On 9/20/22 15:01, Mengxin Liu wrote:
> We tested ovs from both 2.15 and 2.17 branches. The leak is not that
> remarkable,
> about 26KB memory leak detected by memleak-bpfss when creating and
> deleting 800 ports.
> 
> Our environment is complex with ovs, ovn, kubernetes and kube-ovn etc.
> I will try to
> reproduce it in a minimal setup.
> 
> 
> On Tue, 20 Sept 2022 at 20:40, Aaron Conole <[email protected]> wrote:
>>
>> Mengxin Liu <[email protected]> writes:
>>
>>> Sorry for the incomplete information. This patch resolved the problem
>>> in my environment,
>>> but I'm not familiar with the recycling logic and if it will affect
>>> the recycling.
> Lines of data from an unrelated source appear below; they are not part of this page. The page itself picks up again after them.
definition kron :: "complex mat \<Rightarrow> complex mat \<Rightarrow> complex mat" where
  "kron A B = mat (dim_row A * dim_row B) (dim_col A * dim_col B)
     (\<lambda>(i, j). A $$ (i div dim_row B, j div dim_col B) * B $$ (i mod dim_row B, j mod dim_col B))"

(* Singular values of X (square), in non-increasing order, with multiplicity:
   square roots of the eigenvalues (roots of the characteristic polynomial,
   counted with multiplicity) of the Hermitian PSD matrix X^* X. *)
definition singular_values :: "complex mat \<Rightarrow> real list" where
  "singular_values X =
     rev (sorted_list_of_multiset
       (image_mset (\<lambda>z. sqrt (Re z)) (proots (char_poly (mat_adjoint X * X)))))"

definition sigma :: "complex mat \<Rightarrow> nat \<Rightarrow> real" where
  "sigma X k = singular_values X ! (k - 1)"

definition phi :: "complex mat \<Rightarrow> complex mat \<Rightarrow> real" where
  "phi A B = (let X = kron A (1\<^sub>m 4) + kron (1\<^sub>m 4) B in (sigma X 1)^2 + (sigma X 2)^2)"

definition calX :: "(complex mat \<times> complex mat) set" where
  "calX = {(A, B). A \<in> carrier_mat 4 4 \<and> B \<in> carrier_mat 4 4 \<and>
             mat_tr A = 0 \<and> mat_tr B = 0 \<and> (frob_norm A)^2 + (frob_norm B)^2 = 1/4}"

definition calY :: "(complex mat \<times> complex mat) set" where
  "calY = {(A, B). (A, B) \<in> calX \<and> card {z. eigenvalue A z} = 4 \<and> card {z. eigenvalue B z} = 4}"

end

theory Submission
  imports Defs
begin

text \<open>Suppose \<open>\<phi>(A, B) > 1/2\<close> for some \<open>(A, B) \<in> \<X>\<close>. The quantity
  \<open>\<sigma>\<^sub>1(X)\<^sup>2 + \<sigma>\<^sub>2(X)\<^sup>2\<close> is the maximum of \<open>\<parallel>X u\<parallel>\<^sup>2 + \<parallel>X v\<parallel>\<^sup>2\<close> over orthonormal pairs
  \<open>(u, v)\<close> (Ky Fan), so it is lower semicontinuous in \<open>X\<close>, and so is \<open>\<phi>\<close>. Triangularising
  \<open>A\<close> and adding \<open>e\<close> times a traceless diagonal matrix with distinct entries gives distinct
  eigenvalues for all small \<open>e \<noteq> 0\<close>; doing this to \<open>A\<close> and \<open>B\<close> and rescaling back to
  \<open>\<parallel>A\<parallel>\<^sub>F\<^sup>2 + \<parallel>B\<parallel>\<^sub>F\<^sup>2 = 1/4\<close> yields points of \<open>\<Y>\<close> arbitrarily close to \<open>(A, B)\<close>, where
  \<open>\<phi>\<close> must still exceed \<open>1/2\<close>.\<close>

section \<open>Adjoints, norms and unitary matrices\<close>

lemma mat_adjoint_dim [simp]:
  "dim_row (mat_adjoint A) = dim_col A" "dim_col (mat_adjoint A) = dim_row A"
  unfolding mat_adjoint_def by auto

lemma carrier_mat_adjoint [simp]: "A \<in> carrier_mat n m \<Longrightarrow> mat_adjoint A \<in> carrier_mat m n"
  unfolding carrier_mat_def by auto

lemma index_mat_adjoint [simp]:
  "i < dim_col A \<Longrightarrow> j < dim_row A \<Longrightarrow> mat_adjoint A $$ (i, j) = cnj (A $$ (j, i))"
  unfolding mat_adjoint_def by (simp add: mat_of_rows_index)

lemma mat_adjoint_adjoint [simp]: "mat_adjoint (mat_adjoint (A :: complex mat)) = A"
  by (rule eq_matI) auto

lemma mat_adjoint_one [simp]: "mat_adjoint (1\<^sub>m n :: complex mat) = 1\<^sub>m n"
  by (rule eq_matI) auto

lemma mat_adjoint_mult:
  assumes "(A :: complex mat) \<in> carrier_mat n m" "B \<in> carrier_mat m k"
  shows "mat_adjoint (A * B) = mat_adjoint B * mat_adjoint A"
  using assms by (intro eq_matI) (auto simp: scalar_prod_def sum_conjugate[symmetric] ac_simps)

lemma cscalar_prod_eq_sum:
  "u \<in> carrier_vec n \<Longrightarrow> v \<in> carrier_vec n \<Longrightarrow> u \<bullet>c v = (\<Sum>i<n. u $ i * cnj (v $ i))"
  by (auto simp: scalar_prod_def lessThan_atLeast0)

definition sq_norm_vec :: "complex vec \<Rightarrow> real" where
  "sq_norm_vec x = Re (x \<bullet>c x)"

lemma cscalar_prod_self_eq: "x \<bullet>c x = complex_of_real (sq_norm_vec x)"
  using conjugate_square_ge_0_vec[of x] by (simp add: sq_norm_vec_def less_eq_complex_def complex_eq_iff)

lemma sq_norm_vec_nonneg: "0 \<le> sq_norm_vec x"
  using conjugate_square_ge_0_vec[of x] by (simp add: sq_norm_vec_def less_eq_complex_def)

lemma sq_norm_vec_pos: "x \<in> carrier_vec n \<Longrightarrow> x \<noteq> 0\<^sub>v n \<Longrightarrow> 0 < sq_norm_vec x"
  using conjugate_square_greater_0_vec[of x n] by (simp add: sq_norm_vec_def less_complex_def)

lemma sq_norm_vec_eq_sum: "x \<in> carrier_vec n \<Longrightarrow> sq_norm_vec x = (\<Sum>i<n. (cmod (x $ i))\<^sup>2)"
  unfolding sq_norm_vec_def
  by (simp add: cscalar_prod_eq_sum flip: complex_norm_square)

lemma cscalar_prod_mult_mat_vec:
  assumes A: "(A :: complex mat) \<in> carrier_mat n m" and x: "x \<in> carrier_vec m" and y: "y \<in> carrier_vec n"
  shows "(A *\<^sub>v x) \<bullet>c y = x \<bullet>c (mat_adjoint A *\<^sub>v y)"
proof -
  have "(A *\<^sub>v x) \<bullet>c y = (\<Sum>i<n. (\<Sum>j<m. A $$ (i, j) * x $ j) * cnj (y $ i))"
    using A x y by (auto simp: scalar_prod_def lessThan_atLeast0)
  also have "\<dots> = (\<Sum>j<m. x $ j * cnj (\<Sum>i<n. cnj (A $$ (i, j)) * y $ i))"
    by (simp add: sum_distrib_left sum_distrib_right ac_simps sum.swap[of _ "{..<n}"])
  also have "\<dots> = x \<bullet>c (mat_adjoint A *\<^sub>v y)"
    using A x y by (auto simp: scalar_prod_def lessThan_atLeast0)
  finally show ?thesis .
qed

definition vec_normalize :: "complex vec \<Rightarrow> complex vec" where
  "vec_normalize w = complex_of_real (1 / sqrt (sq_norm_vec w)) \<cdot>\<^sub>v w"

lemma vec_normalize_carrier [simp]: "w \<in> carrier_vec n \<Longrightarrow> vec_normalize w \<in> carrier_vec n"
  unfolding vec_normalize_def by auto

lemma cscalar_prod_vec_normalize:
  assumes "w \<in> carrier_vec n" "v \<in> carrier_vec n"
  shows "vec_normalize w \<bullet>c vec_normalize v
           = complex_of_real (1 / sqrt (sq_norm_vec w) * (1 / sqrt (sq_norm_vec v))) * (w \<bullet>c v)"
  using assms unfolding vec_normalize_def by (simp add: conjugate_smult_vec)

lemma vec_normalize_unit:
  assumes w: "w \<in> carrier_vec n" and w0: "w \<noteq> 0\<^sub>v n"
  shows "vec_normalize w \<bullet>c vec_normalize w = 1"
  unfolding cscalar_prod_vec_normalize[OF w w] cscalar_prod_self_eq[of w]
  using sq_norm_vec_pos[OF w w0] by (simp flip: of_real_mult add: real_sqrt_mult[symmetric])

lemma corthogonal_map_vec_normalize:
  assumes ws: "corthogonal ws" "set ws \<subseteq> carrier_vec n"
  shows "corthogonal (map vec_normalize ws)"
    and "\<And>w. w \<in> set (map vec_normalize ws) \<Longrightarrow> w \<bullet>c w = 1"
proof -
  have nz: "ws ! i \<noteq> 0\<^sub>v n" and c: "ws ! i \<in> carrier_vec n" if "i < length ws" for i
    using corthogonalD[OF ws(1) that that] ws(2) that by auto
  show "corthogonal (map vec_normalize ws)"
  proof (rule corthogonalI)
    fix i j assume "i < length (map vec_normalize ws)" "j < length (map vec_normalize ws)"
    then show "map vec_normalize ws ! i \<bullet>c map vec_normalize ws ! j = 0 \<longleftrightarrow> i \<noteq> j"
      using corthogonalD[OF ws(1)] vec_normalize_unit[OF c nz] cscalar_prod_vec_normalize[OF c c]
      by (cases "i = j") auto
  qed
  show "w \<bullet>c w = 1" if "w \<in> set (map vec_normalize ws)" for w
    using that vec_normalize_unit[OF c nz] by (auto simp: in_set_conv_nth)
qed

definition unitary_mat :: "nat \<Rightarrow> complex mat \<Rightarrow> bool" where
  "unitary_mat n U \<longleftrightarrow> U \<in> carrier_mat n n \<and> mat_adjoint U * U = 1\<^sub>m n \<and> U * mat_adjoint U = 1\<^sub>m n"

lemma unitary_mat_if_similar_mat_wit:
  "A \<in> carrier_mat n n \<Longrightarrow> similar_mat_wit A B P (mat_adjoint P) \<Longrightarrow> unitary_mat n P"
  unfolding unitary_mat_def using similar_mat_witD2(1,2,6) by metis

section \<open>Unitary triangularisation and the spectral theorem\<close>

lemma orthonormal_basis_completion:
  assumes v: "(v :: complex vec) \<in> carrier_vec n" "v \<noteq> 0\<^sub>v n"
  obtains ws where "set ws \<subseteq> carrier_vec n" "length ws = n" "corthogonal ws"
    "\<And>w. w \<in> set ws \<Longrightarrow> w \<bullet>c w = 1" "hd ws = vec_normalize v"
proof -
  interpret cof_vec_space n "TYPE(complex)" .
  define b where "b = basis_completion v"
  from basis_completion[OF v, folded b_def]
  have b: "set b \<subseteq> carrier_vec n" "distinct b" "\<not> lin_dep (set b)" "length b = n" "hd b = v"
    by auto
  from v have "n \<noteq> 0" by auto
  with b obtain vs where bv: "b = v # vs" by (cases b) auto
  define ws0 where "ws0 = gram_schmidt n b"
  from gram_schmidt_result[OF b(1-3) ws0_def]
  have ws0: "set ws0 \<subseteq> carrier_vec n" "corthogonal ws0" "length ws0 = n"
    using b(4) by auto
  have "hd ws0 = v" unfolding ws0_def bv using v by simp
  with ws0 \<open>n \<noteq> 0\<close> have "hd (map vec_normalize ws0) = vec_normalize v" by (cases ws0) auto
  with ws0 corthogonal_map_vec_normalize[OF ws0(2,1)] show ?thesis
    by (intro that[of "map vec_normalize ws0"]) auto
qed

lemma unitary_deflation:
  assumes A: "(A :: complex mat) \<in> carrier_mat n n" and e: "eigenvalue A e"
  obtains W where "similar_mat_wit A (mat_adjoint W * A * W) W (mat_adjoint W)"
    and "col (mat_adjoint W * A * W) 0 = vec n (\<lambda>i. if i = 0 then e else 0)"
proof -
  obtain v where v: "v \<in> carrier_vec n" "v \<noteq> 0\<^sub>v n" and Av: "A *\<^sub>v v = e \<cdot>\<^sub>v v"
    using e A unfolding eigenvalue_def eigenvector_def by auto
  obtain ws where ws: "set ws \<subseteq> carrier_vec n" "length ws = n" "corthogonal ws"
    and unit: "\<And>w. w \<in> set ws \<Longrightarrow> w \<bullet>c w = 1" and hd: "hd ws = vec_normalize v"
    using orthonormal_basis_completion[OF v] by blast
  from v have "n \<noteq> 0" by auto
  define W where "W = mat_of_cols n ws"
  have W: "W \<in> carrier_mat n n" unfolding W_def using ws by auto
  have "map vec_inv (cols W) = map conjugate (cols W)"
    using ws unit unfolding W_def by (intro map_cong) (auto simp: vec_inv_def)
  then have inv: "corthogonal_inv W = mat_adjoint W"
    unfolding corthogonal_inv_def mat_adjoint_def by (simp only:)
  have WW: "mat_adjoint W * W = 1\<^sub>m n"
    using corthogonal_inv_result[OF orthogonal_mat_of_cols[OF ws(1,3,2)]] W
    unfolding inv W_def[symmetric] inverts_mat_def by auto
  then have WW': "W * mat_adjoint W = 1\<^sub>m n"
    using mat_mult_left_right_inverse[OF carrier_mat_adjoint[OF W] W] W by auto
  have "similar_mat_wit (mat_adjoint W * A * W) A (mat_adjoint W) W"
    using W A WW WW' by (intro similar_mat_witI[of _ _ n]) auto
  then have "similar_mat_wit A (mat_adjoint W * A * W) W (mat_adjoint W)"
    by (rule similar_mat_wit_sym)
  moreover have "vec_normalize v \<noteq> 0\<^sub>v n"
    using vec_normalize_unit[OF v] v(1) by auto
  moreover have "A *\<^sub>v vec_normalize v = e \<cdot>\<^sub>v vec_normalize v"
    unfolding vec_normalize_def using A v Av by (simp add: mult_mat_vec smult_smult_assoc mult.commute)
  ultimately show ?thesis
    using corthogonal_col_ev_0[OF A _ _ _ _ hd ws(1,3,2)] v ws \<open>n \<noteq> 0\<close> that
    unfolding W_def[symmetric] inv by (metis vec_normalize_carrier)
qed

lemma four_block_of_first_col:
  assumes A: "A \<in> carrier_mat n n" and n: "n \<noteq> 0"
    and col0: "col A 0 = vec n (\<lambda>i. if i = 0 then e else 0)"
  obtains A2 A3 where "A2 \<in> carrier_mat 1 (n - 1)" "A3 \<in> carrier_mat (n - 1) (n - 1)"
    "A = four_block_mat (mat 1 1 (\<lambda>_. e)) A2 (0\<^sub>m (n - 1) 1) A3"
proof -
  obtain A1 A2 A0 A3 where split: "split_block A 1 1 = (A1, A2, A0, A3)"
    by (cases "split_block A 1 1") auto
  from A n have "dim_row A = 1 + (n - 1)" "dim_col A = 1 + (n - 1)" by auto
  from split_block[OF split this]
  have blocks: "A2 \<in> carrier_mat 1 (n - 1)" "A3 \<in> carrier_mat (n - 1) (n - 1)"
    "A = four_block_mat A1 A2 A0 A3" by auto
  have "A1 = mat 1 1 (\<lambda>_. e)"
    using split arg_cong[OF col0, of "\<lambda>v. v $ 0"] A n
    by (auto simp: split_block_def Let_def col_def)
  moreover have "A $$ (Suc i, 0) = 0" if "i < n - 1" for i
    using arg_cong[OF col0, of "\<lambda>v. v $ Suc i"] A that by auto
  then have "A0 = 0\<^sub>m (n - 1) 1"
    using split A by (auto simp: split_block_def Let_def)
  ultimately show ?thesis using blocks that by simp
qed

lemma char_poly_four_block_scalar:
  assumes "A2 \<in> carrier_mat 1 m" "A3 \<in> carrier_mat m m"
  shows "char_poly (four_block_mat (mat 1 1 (\<lambda>_. e)) A2 (0\<^sub>m m 1) A3) = [:- e, 1:] * char_poly A3"
  by (subst char_poly_four_block_zeros_col[OF _ assms]) (auto simp: char_poly_defs det_def sign_def)

lemma similar_mat_wit_four_block_unitary:
  assumes simP: "similar_mat_wit (A3 :: complex mat) B P (mat_adjoint P)"
    and A2: "A2 \<in> carrier_mat 1 m" and A3: "A3 \<in> carrier_mat m m"
  defines "P1 \<equiv> four_block_mat (1\<^sub>m 1) (0\<^sub>m 1 m) (0\<^sub>m m 1) P"
  shows "similar_mat_wit (four_block_mat (mat 1 1 (\<lambda>_. e)) A2 (0\<^sub>m m 1) A3)
           (four_block_mat (mat 1 1 (\<lambda>_. e)) (A2 * P) (0\<^sub>m m 1) B) P1 (mat_adjoint P1)"
proof -
  from similar_mat_witD2[OF A3 simP]
  have P: "P \<in> carrier_mat m m" and PP: "P * mat_adjoint P = 1\<^sub>m m" by auto
  have "mat_adjoint P1 = four_block_mat (1\<^sub>m 1) (0\<^sub>m 1 m) (0\<^sub>m m 1) (mat_adjoint P)"
    unfolding P1_def using P by (intro eq_matI) auto
  moreover have "similar_mat_wit (four_block_mat (mat 1 1 (\<lambda>_. e)) A2 (0\<^sub>m m 1) A3)
      (four_block_mat (mat 1 1 (\<lambda>_. e)) (A2 * P) (0\<^sub>m m 1) B) P1
      (four_block_mat (1\<^sub>m 1) (0\<^sub>m 1 m) (0\<^sub>m m 1) (mat_adjoint P))"
    unfolding P1_def
    by (rule similar_mat_wit_four_block[OF similar_mat_wit_refl simP])
      (use PP A2 A3 P in \<open>auto simp: assoc_mult_mat[OF A2 P, of _ m]\<close>)
  ultimately show ?thesis by simp
qed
Here is the
>>> description of how we found and resolved the leak, hope it helps you
>>> further analyze this issue.
>>>
>>> The leak was found in a Kubernetes cluster that runs thousands of ci
>>> jobs everyday and kube-ovn is the CNI.
>>> We found the vswitchd memory keeps increasing even if the jobs have
>>> finished and all related ovs ports have
>>> been deleted.
>>
>> Strange - I have a test case going now - adding and deleting ports, so
>> far no memory issues?  Can you generate a small reproducer?  For
>> reference, I'm doing something like:
>>
>> for I in $(seq 0 1000); do
>>     ip tuntap add mode tap p$I
>>     sleep 1
>>     ovs-vsctl add-port br-int p$I
>>     sleep 5
>>     ovs-vsctl del-port p$I
>>     ip tuntap del mode tap p$I
>> done
>>
>> And this doesn't seem to show any change to virt/res memory on my
>> system.  I will switch to master branch as well (I'm on 2.14 branch for
>> the moment) once the test completes.
>>
>>> Then we used memleak-bpfcc to find the potential memory leak with command
>>> "memleak-bpfcc -o 300000 -p 2099300 3600" and kept creating and
>>> deleting ovs ports during the
>>> detection period. After the detection it shows that the ofproto_usage
>>> objects are  not released, and the
>>> number of the existing objects equals to the ports we created and deleted.
>>>
>>> After this patch, the memleak-bpfcc cannot find any leak and the
>>> memory will not always increase.
>>
>> What version of OVS are you using?
>>
>>> On Mon, 19 Sept 2022 at 21:57, Aaron Conole <[email protected]> wrote:
>>>>
>>>> Mengxin Liu <[email protected]> writes:
>>>>
>>>>> Signed-off-by: Mengxin Liu <[email protected]>
>>>>> ---
>>>>>  ofproto/ofproto.c | 2 +-
>>>>>  1 file changed, 1 insertion(+), 1 deletion(-)
>>>>>
>>>>> diff --git a/ofproto/ofproto.c b/ofproto/ofproto.c
>>>>> index 3a527683c..7c6cb1c56 100644
>>>>> --- a/ofproto/ofproto.c
>>>>> +++ b/ofproto/ofproto.c
>>>>> @@ -2429,7 +2429,7 @@ static void
>>>>>  dealloc_ofp_port(struct ofproto *ofproto, ofp_port_t ofp_port)
>>>>>  {
>>>>>      if (ofp_to_u16(ofp_port) < ofproto->max_ports) {
>>>>> -        ofport_set_usage(ofproto, ofp_port, time_msec());
>>>>> +        ofport_remove_usage(ofproto, ofp_port);

This change defeats the logic of the port re-use and will cause
application of OpenFlow rules to incorrect ports in case of a port
churn in a system.
So, unfortunately, the patch in its current form cannot be accepted.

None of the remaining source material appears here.